Task
Your reply must be one number: the count of lines in the data below that contain "intro".

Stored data
:::

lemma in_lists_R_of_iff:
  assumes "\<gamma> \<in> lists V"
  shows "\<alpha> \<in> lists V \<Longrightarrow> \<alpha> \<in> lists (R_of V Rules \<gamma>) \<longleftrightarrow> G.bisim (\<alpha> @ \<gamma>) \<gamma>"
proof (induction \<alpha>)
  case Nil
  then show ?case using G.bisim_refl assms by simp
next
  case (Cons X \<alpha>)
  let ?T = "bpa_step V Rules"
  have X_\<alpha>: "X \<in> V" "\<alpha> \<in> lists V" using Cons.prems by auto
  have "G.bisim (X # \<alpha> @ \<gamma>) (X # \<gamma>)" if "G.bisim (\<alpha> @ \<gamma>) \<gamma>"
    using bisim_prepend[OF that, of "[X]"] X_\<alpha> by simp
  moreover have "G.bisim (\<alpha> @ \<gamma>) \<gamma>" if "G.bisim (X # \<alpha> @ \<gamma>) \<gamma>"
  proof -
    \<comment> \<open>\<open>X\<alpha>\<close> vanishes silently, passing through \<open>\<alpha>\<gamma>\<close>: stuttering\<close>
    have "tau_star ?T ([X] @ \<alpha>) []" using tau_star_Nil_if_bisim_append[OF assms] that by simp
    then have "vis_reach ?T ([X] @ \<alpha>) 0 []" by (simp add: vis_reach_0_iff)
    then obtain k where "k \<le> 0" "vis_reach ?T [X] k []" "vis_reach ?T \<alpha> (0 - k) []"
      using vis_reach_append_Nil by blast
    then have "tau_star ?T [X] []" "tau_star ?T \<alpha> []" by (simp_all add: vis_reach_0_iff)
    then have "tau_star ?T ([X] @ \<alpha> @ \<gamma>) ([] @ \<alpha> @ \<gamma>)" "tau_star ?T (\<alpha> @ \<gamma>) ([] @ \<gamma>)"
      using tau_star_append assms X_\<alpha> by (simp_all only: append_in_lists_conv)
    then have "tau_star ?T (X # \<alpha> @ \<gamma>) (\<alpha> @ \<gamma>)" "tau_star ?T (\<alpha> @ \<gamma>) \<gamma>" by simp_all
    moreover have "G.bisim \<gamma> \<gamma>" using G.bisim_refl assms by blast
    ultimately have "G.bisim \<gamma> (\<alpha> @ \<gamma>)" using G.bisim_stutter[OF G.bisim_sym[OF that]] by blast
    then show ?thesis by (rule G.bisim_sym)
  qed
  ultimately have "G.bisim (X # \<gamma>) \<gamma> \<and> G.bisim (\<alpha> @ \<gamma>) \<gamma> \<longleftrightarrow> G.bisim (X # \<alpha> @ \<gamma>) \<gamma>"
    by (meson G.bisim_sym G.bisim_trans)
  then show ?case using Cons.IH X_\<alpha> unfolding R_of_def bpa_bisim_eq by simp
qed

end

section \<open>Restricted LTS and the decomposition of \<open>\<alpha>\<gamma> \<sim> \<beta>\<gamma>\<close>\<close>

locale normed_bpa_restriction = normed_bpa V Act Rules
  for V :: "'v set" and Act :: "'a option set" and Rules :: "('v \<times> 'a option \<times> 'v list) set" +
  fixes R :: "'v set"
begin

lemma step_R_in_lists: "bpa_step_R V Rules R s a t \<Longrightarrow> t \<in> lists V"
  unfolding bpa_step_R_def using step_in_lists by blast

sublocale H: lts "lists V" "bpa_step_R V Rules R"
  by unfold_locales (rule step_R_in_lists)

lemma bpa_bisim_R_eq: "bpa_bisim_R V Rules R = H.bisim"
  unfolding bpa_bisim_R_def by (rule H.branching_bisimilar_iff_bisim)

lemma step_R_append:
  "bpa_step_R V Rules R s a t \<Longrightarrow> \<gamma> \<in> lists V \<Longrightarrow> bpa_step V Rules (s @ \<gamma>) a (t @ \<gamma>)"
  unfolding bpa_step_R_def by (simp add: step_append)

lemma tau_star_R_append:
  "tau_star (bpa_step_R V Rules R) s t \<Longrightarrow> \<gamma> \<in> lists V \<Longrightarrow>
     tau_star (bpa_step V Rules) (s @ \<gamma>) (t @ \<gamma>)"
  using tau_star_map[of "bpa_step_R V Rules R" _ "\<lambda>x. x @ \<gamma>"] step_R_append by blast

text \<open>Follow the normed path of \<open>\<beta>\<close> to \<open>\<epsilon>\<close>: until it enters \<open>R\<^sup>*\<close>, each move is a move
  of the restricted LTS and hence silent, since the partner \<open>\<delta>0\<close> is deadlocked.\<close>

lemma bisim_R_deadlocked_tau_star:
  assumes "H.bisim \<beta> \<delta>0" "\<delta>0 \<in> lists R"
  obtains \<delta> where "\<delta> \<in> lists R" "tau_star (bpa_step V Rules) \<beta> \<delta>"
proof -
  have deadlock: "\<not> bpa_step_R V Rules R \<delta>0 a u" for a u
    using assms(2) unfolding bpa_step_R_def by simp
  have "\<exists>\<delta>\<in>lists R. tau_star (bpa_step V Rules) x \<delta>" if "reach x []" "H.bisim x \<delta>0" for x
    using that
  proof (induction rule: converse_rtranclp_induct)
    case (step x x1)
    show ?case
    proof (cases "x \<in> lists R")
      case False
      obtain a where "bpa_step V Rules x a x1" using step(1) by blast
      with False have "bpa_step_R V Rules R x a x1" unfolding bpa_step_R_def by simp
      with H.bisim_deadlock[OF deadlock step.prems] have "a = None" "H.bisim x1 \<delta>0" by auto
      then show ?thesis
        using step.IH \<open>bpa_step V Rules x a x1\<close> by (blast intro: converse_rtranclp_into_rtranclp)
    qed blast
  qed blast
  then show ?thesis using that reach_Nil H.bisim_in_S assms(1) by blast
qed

:::

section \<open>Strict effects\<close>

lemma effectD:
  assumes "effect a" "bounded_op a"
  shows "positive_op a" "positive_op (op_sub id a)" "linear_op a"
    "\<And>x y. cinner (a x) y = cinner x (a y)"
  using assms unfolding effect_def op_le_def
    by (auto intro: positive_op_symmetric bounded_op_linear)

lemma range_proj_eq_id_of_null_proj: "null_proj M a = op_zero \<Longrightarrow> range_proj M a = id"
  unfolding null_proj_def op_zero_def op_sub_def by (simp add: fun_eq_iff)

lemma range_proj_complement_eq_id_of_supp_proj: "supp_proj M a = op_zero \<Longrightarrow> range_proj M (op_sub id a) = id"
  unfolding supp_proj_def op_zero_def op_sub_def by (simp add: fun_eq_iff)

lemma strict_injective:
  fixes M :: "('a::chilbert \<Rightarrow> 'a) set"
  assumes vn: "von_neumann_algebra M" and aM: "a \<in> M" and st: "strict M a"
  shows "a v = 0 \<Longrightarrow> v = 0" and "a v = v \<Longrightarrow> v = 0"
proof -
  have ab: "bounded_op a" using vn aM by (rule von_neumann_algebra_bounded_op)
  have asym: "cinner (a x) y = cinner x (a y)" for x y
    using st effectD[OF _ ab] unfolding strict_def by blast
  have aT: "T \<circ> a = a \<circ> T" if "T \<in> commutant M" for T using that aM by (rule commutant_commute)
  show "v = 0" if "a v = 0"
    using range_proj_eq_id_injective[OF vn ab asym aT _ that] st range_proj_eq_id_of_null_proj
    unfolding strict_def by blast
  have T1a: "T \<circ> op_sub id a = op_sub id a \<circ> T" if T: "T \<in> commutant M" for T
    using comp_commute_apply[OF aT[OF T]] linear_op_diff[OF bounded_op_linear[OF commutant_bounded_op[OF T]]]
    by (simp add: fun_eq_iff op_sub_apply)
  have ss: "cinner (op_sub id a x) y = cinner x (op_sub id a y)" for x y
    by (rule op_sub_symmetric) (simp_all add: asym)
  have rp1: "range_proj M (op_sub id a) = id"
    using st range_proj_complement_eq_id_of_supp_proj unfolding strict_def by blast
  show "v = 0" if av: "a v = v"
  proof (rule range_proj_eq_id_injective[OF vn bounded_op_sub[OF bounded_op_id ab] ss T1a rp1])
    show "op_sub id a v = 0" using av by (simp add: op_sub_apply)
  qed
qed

:::

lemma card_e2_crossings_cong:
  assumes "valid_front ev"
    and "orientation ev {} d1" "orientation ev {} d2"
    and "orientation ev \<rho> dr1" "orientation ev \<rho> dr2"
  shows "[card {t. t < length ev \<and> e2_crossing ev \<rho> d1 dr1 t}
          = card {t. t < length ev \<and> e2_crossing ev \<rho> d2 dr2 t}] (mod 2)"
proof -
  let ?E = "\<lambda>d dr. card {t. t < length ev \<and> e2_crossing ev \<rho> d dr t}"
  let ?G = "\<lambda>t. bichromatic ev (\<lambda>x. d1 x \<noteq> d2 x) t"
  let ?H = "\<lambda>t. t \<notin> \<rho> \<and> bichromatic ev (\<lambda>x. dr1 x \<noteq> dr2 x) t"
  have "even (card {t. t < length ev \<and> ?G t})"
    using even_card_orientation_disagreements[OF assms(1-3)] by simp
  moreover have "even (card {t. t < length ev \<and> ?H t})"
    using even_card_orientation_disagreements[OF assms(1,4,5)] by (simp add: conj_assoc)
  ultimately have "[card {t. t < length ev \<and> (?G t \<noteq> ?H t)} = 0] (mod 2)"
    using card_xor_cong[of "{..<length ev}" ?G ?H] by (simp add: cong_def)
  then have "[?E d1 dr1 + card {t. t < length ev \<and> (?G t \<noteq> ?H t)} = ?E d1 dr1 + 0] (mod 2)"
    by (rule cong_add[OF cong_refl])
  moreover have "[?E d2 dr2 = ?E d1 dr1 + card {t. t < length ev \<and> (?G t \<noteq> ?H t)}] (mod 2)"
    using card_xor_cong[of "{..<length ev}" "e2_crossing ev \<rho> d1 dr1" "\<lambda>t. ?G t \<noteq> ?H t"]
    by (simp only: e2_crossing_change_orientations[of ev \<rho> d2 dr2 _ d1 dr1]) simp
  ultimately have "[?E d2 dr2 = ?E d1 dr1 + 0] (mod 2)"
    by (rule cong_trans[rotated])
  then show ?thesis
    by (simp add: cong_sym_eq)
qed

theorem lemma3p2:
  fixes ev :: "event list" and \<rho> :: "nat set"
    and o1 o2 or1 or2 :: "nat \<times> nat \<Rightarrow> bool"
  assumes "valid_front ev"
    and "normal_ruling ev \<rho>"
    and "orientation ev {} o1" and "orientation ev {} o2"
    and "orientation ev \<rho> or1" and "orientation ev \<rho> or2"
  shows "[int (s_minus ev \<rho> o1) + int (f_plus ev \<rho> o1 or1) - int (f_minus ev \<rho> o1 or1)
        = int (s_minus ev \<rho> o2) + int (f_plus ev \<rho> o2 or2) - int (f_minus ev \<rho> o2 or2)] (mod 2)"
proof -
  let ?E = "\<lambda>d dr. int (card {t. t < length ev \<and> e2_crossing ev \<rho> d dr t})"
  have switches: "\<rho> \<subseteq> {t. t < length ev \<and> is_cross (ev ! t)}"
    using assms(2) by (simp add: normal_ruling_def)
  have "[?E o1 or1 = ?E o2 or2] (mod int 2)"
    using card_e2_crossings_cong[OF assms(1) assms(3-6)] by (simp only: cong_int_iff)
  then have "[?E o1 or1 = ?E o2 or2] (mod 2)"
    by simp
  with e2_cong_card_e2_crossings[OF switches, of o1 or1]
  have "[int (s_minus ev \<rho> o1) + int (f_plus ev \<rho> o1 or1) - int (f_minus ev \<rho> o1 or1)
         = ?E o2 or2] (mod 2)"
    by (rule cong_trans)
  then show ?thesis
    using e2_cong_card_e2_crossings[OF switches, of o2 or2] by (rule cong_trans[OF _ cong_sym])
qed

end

:::

Response
2